# Information shown

lemma (in prob_space) indep_vars_head_tail:
  fixes H :: "'a \<Rightarrow> real" and G :: "nat \<Rightarrow> 'a \<Rightarrow> real"
  assumes "indep_vars (\<lambda>_. borel) (\<lambda>i. if i = 0 then H else G i) {0..N}"
  shows "indep_var borel H borel (\<lambda>\<omega>. \<Sum>i=1..N. G i \<omega>)"
    and "indep_vars (\<lambda>_. borel) G {1..N}"
proof -
  define X where "X = (\<lambda>i. if i = 0 then H else G i)"
  have "insert 0 {1..N} = {0..N}" by auto
  then have indep: "indep_vars (\<lambda>_. borel) X (insert 0 {1..N})"
    using assms by (simp add: X_def)
  have "indep_var borel (X 0) borel (\<lambda>\<omega>. \<Sum>i\<in>{1..N}. X i \<omega>)"
    by (rule indep_vars_sum[OF _ _ indep]) auto
  then show "indep_var borel H borel (\<lambda>\<omega>. \<Sum>i=1..N. G i \<omega>)"
    by (simp add: X_def)
  have "indep_vars (\<lambda>_. borel) X {1..N}" by (rule indep_vars_subset[OF indep]) auto
  then show "indep_vars (\<lambda>_. borel) G {1..N}" by (subst indep_vars_cong) (auto simp: X_def)
qed

lemma (in prob_space) sum_exponential_powr_moment:
  fixes G :: "nat \<Rightarrow> 'a \<Rightarrow> real" and l a :: real
  assumes N: "N \<ge> 1" and l: "l > 0"
    and G: "\<And>i. i \<in> {1..N} \<Longrightarrow> distributed M lborel (G i) (exponential_density l)"
    and indep: "indep_vars (\<lambda>_. borel) G {1..N}" and a: "real N + a > 0"
  shows "AE \<omega> in M. (\<Sum>i=1..N. G i \<omega>) > 0"
    and "has_bochner_integral M (\<lambda>\<omega>. (\<Sum>i=1..N. G i \<omega>) powr a)
           (Gamma (real N + a) / (Gamma (real N) * l powr a))"
proof -
  have S: "distributed M lborel (\<lambda>\<omega>. \<Sum>i=1..N. G i \<omega>) (erlang_density (N - 1) l)"
    using exponential_distributed_sum[of "{1..N}" l G] N l G indep by simp
  then show "AE \<omega> in M. (\<Sum>i=1..N. G i \<omega>) > 0"
    by (rule erlang_distributed_pos)
  have "real (N - 1) + 1 = real N" "fact (N - 1) = Gamma (real N)"
    using N Gamma_fact[of "N - 1", where 'a = real] by (simp_all add: of_nat_diff)
  then show "has_bochner_integral M (\<lambda>\<omega>. (\<Sum>i=1..N. G i \<omega>) powr a)
      (Gamma (real N + a) / (Gamma (real N) * l powr a))"
    using has_bochner_integral_erlang_powr[OF S l, of a] a by simp
qed

theorem mainTheorem5:
  fixes M :: "'a measure"
    and H :: "'a \<Rightarrow> real"
    and G :: "nat \<Rightarrow> 'a \<Rightarrow> real"
    and alpha mu Ups eta PI D betak gth :: real
    and N :: nat
  assumes "prob_space M"
    and "alpha > 0" and "mu > 0" and "Ups > 0" and "eta > 0"
    and "PI > 0" and "D > 0" and "betak > 0" and "gth > 0"
    and "N \<ge> 1"
    and "distributed M lborel H (\<lambda>x. ennreal (amu_density alpha mu Ups x))"
    and "\<And>i. i \<in> {1..N} \<Longrightarrow> distributed M lborel (G i) (\<lambda>x. ennreal (exponential_density (1 / eta) x))"
    and "prob_space.indep_vars M (\<lambda>_. borel) (\<lambda>i. if i = 0 then H else G i) {0..N}"
  shows "(\<lambda>Pj. measure M {\<omega> \<in> space M.
              Pj * D powr (- betak) * H \<omega> / (PI * (\<Sum>i=1..N. G i \<omega>)) < gth})
         \<sim>[at_top]
         (\<lambda>Pj. (gth * eta * PI) powr (alpha * mu / 2)
               / (mu * (Pj * D powr (- betak) * amu_beta alpha mu Ups) powr (alpha * mu / 2)
                  * Gamma (real N) * Gamma mu)
               * Gamma (alpha * mu / 2 + real N))"
proof -
  interpret prob_space M by fact
  note al = assms(2) and mu = assms(3) and Ups = assms(4)
  define a where "a = alpha * mu / 2"
  define b where "b = amu_beta alpha mu Ups"
  define c where "c = D powr (- betak)"
  define k where "k = gth * PI / c"
  define C where "C = 1 / (mu * b powr a * Gamma mu)"
  define V where "V = Gamma (real N + a) / (Gamma (real N) * (1 / eta) powr a)"
  define S where "S = (\<lambda>\<omega>. \<Sum>i=1..N. G i \<omega>)"
  have a: "a > 0" and b: "b > 0" and c: "c > 0" and k: "k > 0"
    using assms(2-9) amu_beta_pos[OF al mu Ups] by (simp_all add: a_def b_def c_def k_def)
  have Gammas: "Gamma mu > 0" "Gamma (real N) > 0" "Gamma (real N + a) > 0"
    using mu assms(10) a by (auto intro!: Gamma_real_pos)
  note indep = indep_vars_head_tail[OF assms(13), folded S_def]
  note S = sum_exponential_powr_moment[OF assms(10) _ assms(12) indep(2), of a, folded V_def]
  have equiv: "(\<lambda>t. measure M {\<omega> \<in> space M. t * H \<omega> / S \<omega> < k})
      \<sim>[at_top] (\<lambda>t. C * k powr a * V * t powr (- a))"
  proof (rule measure_scaled_ratio_less_asymp_equiv[OF indep(1) assms(11)])
    show "C > 0" "V > 0" using mu b assms(5) Gammas by (simp_all add: C_def V_def)
  qed (use S assms(5) a k amu_cdf_bounds(2)[OF al mu Ups] amu_cdf_asymp[OF al mu Ups] in
        \<open>simp_all add: amu_cdf_def S_def a_def b_def C_def\<close>)
  have event_iff: "Pj * c * h / (PI * s) < gth \<longleftrightarrow> Pj * h / s < k" for Pj h s
  proof -
    have "c / PI * q < gth \<longleftrightarrow> q < k" for q
      using c assms(6) by (simp add: k_def field_simps)
    moreover have "Pj * c * h / (PI * s) = c / PI * (Pj * h / s)" by simp
    ultimately show ?thesis by presburger
  qed
  have target_eq: "\<forall>\<^sub>F Pj in at_top. C * k powr a * V * Pj powr (- a)
      = (gth * eta * PI) powr a / (mu * (Pj * c * b) powr a * Gamma (real N) * Gamma mu) * Gamma (a + real N)"
    using eventually_gt_at_top[of 0] by eventually_elim
      (use b c assms(5,6,9) mu Gammas in \<open>simp add: C_def k_def V_def powr_mult powr_divide powr_minus field_simps add.commute\<close>)
  have "(\<lambda>Pj. measure M {\<omega> \<in> space M. Pj * c * H \<omega> / (PI * S \<omega>) < gth})
      \<sim>[at_top] (\<lambda>Pj. (gth * eta * PI) powr a / (mu * (Pj * c * b) powr a * Gamma (real N) * Gamma mu)
        * Gamma (a + real N))"
    by (rule asymp_equiv_cong[THEN iffD1, OF _ target_eq equiv]) (simp add: event_iff)
  then show ?thesis by (simp only: S_def a_def b_def c_def)
qed

end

# Your objective
Above are the records; from them, give again exactly the lines from the one containing "(\<lambda>Pj. (gth * eta * PI) powr (alpha" through the one containing "using assms(2-9) amu_beta_pos[OF", both included.

# Finished exercise
         (\<lambda>Pj. (gth * eta * PI) powr (alpha * mu / 2)
               / (mu * (Pj * D powr (- betak) * amu_beta alpha mu Ups) powr (alpha * mu / 2)
                  * Gamma (real N) * Gamma mu)
               * Gamma (alpha * mu / 2 + real N))"
proof -
  interpret prob_space M by fact
  note al = assms(2) and mu = assms(3) and Ups = assms(4)
  define a where "a = alpha * mu / 2"
  define b where "b = amu_beta alpha mu Ups"
  define c where "c = D powr (- betak)"
  define k where "k = gth * PI / c"
  define C where "C = 1 / (mu * b powr a * Gamma mu)"
  define V where "V = Gamma (real N + a) / (Gamma (real N) * (1 / eta) powr a)"
  define S where "S = (\<lambda>\<omega>. \<Sum>i=1..N. G i \<omega>)"
  have a: "a > 0" and b: "b > 0" and c: "c > 0" and k: "k > 0"
    using assms(2-9) amu_beta_pos[OF al mu Ups] by (simp_all add: a_def b_def c_def k_def)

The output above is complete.